Data —
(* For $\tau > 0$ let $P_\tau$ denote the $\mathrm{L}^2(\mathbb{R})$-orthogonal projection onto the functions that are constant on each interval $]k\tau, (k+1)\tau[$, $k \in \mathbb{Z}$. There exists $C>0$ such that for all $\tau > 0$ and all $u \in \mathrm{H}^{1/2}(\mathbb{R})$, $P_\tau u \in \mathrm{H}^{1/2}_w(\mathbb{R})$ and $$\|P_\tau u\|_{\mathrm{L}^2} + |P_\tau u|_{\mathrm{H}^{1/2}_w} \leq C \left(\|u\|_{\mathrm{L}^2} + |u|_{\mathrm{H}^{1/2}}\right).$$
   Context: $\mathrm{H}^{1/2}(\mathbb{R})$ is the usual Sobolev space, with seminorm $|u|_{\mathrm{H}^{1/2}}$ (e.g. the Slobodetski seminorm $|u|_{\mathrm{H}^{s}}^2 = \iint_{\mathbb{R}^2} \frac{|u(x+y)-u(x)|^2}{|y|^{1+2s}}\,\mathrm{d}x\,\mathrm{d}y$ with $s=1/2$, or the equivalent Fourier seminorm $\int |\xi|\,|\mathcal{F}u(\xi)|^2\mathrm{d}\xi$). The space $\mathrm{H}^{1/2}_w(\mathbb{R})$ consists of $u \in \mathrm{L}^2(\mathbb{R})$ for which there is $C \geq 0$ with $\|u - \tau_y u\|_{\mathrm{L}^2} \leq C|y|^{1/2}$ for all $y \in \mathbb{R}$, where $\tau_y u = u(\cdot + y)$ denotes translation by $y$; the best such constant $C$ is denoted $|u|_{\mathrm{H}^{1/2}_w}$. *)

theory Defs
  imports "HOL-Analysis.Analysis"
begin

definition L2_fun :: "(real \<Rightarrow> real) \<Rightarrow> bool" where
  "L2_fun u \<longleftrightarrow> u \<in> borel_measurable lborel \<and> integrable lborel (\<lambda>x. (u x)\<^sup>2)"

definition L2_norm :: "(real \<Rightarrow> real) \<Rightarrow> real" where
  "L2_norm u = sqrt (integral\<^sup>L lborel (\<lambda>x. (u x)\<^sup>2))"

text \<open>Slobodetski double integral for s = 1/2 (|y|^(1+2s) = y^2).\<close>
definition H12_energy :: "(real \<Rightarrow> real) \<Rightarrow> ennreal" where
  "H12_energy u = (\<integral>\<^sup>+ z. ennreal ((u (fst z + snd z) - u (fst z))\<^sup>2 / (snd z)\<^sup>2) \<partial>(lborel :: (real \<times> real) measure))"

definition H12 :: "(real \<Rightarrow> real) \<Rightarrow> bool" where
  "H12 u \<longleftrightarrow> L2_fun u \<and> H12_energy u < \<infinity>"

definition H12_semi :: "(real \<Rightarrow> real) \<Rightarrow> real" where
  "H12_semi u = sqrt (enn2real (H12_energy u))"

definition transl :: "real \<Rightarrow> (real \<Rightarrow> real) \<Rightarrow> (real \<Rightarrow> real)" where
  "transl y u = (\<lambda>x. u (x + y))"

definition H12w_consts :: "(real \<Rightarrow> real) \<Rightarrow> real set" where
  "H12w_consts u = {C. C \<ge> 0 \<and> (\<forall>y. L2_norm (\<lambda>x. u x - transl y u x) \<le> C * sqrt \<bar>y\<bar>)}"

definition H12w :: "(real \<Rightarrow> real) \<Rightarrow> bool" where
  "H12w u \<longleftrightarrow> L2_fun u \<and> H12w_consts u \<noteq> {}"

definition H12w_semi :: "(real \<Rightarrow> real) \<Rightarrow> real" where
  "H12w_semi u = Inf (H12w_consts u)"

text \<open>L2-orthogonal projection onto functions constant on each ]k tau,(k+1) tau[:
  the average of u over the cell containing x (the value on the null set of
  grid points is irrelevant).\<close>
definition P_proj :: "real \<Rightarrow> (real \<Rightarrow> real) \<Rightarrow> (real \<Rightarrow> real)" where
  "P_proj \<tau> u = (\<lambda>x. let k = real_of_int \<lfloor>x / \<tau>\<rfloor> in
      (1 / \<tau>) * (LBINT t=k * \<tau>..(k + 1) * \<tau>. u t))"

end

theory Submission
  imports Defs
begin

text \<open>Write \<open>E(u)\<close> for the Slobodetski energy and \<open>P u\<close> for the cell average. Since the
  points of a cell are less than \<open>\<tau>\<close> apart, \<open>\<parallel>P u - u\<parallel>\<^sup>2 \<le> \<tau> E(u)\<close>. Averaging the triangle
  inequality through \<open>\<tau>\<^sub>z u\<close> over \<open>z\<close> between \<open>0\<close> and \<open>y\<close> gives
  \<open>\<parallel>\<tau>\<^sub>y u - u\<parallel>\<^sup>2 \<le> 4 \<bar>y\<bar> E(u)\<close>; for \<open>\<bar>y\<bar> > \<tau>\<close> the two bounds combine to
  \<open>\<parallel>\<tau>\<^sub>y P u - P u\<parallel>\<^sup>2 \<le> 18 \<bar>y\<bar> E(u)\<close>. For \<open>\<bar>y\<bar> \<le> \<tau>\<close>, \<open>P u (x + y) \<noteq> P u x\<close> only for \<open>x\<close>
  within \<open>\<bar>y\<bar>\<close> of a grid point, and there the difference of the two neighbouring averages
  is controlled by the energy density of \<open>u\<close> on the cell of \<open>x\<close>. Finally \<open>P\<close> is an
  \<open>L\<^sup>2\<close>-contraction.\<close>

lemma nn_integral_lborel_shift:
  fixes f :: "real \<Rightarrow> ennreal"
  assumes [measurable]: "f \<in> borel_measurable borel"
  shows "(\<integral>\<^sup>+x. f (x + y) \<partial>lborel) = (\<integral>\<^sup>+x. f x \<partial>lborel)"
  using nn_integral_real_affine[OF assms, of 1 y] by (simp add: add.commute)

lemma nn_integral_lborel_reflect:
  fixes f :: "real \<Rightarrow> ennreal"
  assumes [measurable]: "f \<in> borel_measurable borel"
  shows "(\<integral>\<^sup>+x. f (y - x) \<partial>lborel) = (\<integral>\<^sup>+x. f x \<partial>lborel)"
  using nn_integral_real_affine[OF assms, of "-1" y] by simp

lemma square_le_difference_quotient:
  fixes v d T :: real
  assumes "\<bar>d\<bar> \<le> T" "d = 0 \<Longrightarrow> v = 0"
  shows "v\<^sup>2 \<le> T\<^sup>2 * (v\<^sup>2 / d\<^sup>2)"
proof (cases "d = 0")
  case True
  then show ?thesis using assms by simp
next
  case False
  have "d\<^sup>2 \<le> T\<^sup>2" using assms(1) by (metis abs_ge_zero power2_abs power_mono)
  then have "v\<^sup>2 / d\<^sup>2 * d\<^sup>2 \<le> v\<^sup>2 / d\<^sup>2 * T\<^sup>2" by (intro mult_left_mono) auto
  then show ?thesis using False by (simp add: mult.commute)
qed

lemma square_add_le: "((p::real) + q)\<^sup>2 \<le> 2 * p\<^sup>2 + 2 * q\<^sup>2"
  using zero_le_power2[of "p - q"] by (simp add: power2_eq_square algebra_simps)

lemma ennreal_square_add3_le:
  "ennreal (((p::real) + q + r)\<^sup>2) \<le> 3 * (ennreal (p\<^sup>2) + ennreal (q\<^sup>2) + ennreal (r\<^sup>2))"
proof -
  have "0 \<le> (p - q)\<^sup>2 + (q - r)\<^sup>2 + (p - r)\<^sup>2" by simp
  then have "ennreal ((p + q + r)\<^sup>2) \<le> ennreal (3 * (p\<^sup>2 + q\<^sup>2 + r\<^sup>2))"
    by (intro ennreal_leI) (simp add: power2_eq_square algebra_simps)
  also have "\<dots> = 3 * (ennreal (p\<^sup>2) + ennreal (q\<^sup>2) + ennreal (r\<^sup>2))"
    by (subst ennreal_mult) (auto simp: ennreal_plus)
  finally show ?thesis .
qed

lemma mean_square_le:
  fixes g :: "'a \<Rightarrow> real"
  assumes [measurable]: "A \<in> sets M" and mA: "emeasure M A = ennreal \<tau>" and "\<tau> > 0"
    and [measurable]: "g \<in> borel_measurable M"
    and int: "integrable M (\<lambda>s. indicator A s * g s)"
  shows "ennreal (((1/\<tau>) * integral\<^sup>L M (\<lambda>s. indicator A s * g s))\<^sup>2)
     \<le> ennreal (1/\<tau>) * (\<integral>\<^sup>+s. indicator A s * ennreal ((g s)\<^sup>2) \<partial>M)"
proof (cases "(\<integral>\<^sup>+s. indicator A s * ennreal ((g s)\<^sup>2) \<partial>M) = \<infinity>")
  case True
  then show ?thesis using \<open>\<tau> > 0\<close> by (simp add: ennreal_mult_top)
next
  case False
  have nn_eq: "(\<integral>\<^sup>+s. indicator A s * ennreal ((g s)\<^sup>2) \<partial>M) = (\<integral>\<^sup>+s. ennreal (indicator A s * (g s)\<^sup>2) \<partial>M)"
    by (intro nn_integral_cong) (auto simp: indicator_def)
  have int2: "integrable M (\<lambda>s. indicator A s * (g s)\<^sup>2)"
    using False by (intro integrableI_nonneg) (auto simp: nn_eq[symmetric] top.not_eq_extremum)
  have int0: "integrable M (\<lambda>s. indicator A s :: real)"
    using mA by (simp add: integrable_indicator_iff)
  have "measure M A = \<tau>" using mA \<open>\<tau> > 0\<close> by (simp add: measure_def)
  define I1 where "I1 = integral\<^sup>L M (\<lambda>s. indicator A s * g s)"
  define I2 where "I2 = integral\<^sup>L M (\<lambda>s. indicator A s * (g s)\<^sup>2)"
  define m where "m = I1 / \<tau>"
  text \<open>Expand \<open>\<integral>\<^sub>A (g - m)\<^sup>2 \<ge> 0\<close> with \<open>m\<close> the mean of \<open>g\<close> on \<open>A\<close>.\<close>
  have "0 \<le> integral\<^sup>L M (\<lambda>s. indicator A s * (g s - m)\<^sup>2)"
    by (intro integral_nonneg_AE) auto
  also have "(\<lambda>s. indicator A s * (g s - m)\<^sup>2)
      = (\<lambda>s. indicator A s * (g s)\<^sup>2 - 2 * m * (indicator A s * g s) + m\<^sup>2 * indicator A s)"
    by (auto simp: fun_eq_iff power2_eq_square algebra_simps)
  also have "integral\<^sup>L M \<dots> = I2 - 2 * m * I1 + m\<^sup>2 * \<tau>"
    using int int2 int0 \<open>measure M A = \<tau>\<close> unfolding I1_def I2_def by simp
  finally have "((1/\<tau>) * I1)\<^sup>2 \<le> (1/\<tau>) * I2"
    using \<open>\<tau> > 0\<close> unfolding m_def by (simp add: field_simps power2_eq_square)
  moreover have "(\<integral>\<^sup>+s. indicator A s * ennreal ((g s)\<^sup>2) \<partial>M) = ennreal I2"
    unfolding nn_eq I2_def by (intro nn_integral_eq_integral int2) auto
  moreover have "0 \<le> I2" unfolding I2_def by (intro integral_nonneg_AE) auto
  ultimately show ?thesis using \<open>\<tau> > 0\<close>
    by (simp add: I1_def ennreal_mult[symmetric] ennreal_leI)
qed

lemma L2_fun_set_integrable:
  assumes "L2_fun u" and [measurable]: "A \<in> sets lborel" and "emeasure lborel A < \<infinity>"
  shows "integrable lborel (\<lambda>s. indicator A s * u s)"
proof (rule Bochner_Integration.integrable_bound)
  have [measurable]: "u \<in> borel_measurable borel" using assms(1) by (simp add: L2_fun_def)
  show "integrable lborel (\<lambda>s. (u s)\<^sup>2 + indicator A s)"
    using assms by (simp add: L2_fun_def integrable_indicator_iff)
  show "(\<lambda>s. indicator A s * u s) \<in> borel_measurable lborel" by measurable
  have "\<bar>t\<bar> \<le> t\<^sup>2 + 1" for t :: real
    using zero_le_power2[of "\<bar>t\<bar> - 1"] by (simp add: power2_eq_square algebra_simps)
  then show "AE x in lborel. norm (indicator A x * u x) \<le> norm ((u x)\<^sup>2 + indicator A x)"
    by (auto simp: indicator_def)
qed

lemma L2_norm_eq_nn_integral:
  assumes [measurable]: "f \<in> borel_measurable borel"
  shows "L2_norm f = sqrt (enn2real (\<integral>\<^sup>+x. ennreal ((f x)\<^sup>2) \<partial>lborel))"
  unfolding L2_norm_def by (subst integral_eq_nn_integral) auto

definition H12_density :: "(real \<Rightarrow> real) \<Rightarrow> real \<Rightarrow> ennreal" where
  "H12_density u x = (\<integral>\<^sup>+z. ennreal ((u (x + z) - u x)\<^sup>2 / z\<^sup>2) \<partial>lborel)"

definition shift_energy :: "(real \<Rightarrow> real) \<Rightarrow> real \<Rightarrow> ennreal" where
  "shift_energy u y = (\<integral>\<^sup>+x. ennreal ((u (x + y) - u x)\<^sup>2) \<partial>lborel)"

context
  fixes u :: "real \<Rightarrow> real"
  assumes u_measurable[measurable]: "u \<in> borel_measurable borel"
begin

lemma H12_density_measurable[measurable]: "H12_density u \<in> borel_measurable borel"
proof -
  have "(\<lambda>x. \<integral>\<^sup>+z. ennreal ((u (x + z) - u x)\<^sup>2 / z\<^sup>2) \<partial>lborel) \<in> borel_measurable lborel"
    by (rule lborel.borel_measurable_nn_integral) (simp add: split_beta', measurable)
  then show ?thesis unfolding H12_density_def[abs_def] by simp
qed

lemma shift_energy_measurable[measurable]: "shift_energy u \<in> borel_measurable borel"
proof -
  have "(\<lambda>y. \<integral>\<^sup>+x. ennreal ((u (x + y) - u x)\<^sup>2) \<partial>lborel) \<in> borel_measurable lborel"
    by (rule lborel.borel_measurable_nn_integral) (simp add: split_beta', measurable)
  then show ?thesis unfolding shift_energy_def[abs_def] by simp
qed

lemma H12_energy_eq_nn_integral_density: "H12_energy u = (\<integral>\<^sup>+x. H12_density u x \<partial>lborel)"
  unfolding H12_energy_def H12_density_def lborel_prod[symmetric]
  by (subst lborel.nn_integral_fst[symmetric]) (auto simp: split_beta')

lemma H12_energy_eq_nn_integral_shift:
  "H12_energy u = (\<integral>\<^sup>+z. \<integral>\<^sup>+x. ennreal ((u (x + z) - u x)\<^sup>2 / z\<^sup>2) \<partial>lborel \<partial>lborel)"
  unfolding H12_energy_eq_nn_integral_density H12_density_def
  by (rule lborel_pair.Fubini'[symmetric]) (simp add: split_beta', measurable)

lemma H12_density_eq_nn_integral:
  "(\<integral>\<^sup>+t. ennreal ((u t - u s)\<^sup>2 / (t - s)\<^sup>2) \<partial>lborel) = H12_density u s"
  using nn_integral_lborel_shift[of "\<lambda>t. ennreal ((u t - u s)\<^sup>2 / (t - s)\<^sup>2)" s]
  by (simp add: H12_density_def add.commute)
...
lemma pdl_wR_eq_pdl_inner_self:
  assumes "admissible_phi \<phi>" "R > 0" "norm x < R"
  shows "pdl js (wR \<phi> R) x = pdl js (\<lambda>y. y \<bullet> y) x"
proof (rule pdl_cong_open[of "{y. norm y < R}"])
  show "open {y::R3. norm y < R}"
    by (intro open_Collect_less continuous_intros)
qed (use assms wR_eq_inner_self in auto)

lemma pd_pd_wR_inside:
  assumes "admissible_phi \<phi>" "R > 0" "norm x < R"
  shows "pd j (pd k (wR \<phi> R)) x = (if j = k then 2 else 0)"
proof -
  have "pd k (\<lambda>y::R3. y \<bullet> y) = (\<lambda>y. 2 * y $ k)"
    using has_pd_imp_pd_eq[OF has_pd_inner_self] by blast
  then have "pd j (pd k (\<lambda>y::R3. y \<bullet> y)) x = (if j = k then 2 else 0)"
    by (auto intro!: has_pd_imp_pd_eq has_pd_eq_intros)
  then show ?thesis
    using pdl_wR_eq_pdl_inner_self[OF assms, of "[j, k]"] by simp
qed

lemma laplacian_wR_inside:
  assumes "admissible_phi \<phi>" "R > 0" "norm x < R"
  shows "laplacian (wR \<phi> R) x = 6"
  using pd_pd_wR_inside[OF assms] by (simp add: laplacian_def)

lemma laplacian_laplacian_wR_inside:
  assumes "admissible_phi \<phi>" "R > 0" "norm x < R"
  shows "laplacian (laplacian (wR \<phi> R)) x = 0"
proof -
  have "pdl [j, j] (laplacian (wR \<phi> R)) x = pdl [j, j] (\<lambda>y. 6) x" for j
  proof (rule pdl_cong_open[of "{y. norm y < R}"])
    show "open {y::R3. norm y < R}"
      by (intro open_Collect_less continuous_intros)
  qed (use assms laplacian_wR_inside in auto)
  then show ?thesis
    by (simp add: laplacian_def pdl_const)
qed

Exercise prompt —
Check each line of the listing above for the string "emeasure" and return those that contain it.

Reply —
  assumes [measurable]: "A \<in> sets M" and mA: "emeasure M A = ennreal \<tau>" and "\<tau> > 0"
  assumes "L2_fun u" and [measurable]: "A \<in> sets lborel" and "emeasure lborel A < \<infinity>"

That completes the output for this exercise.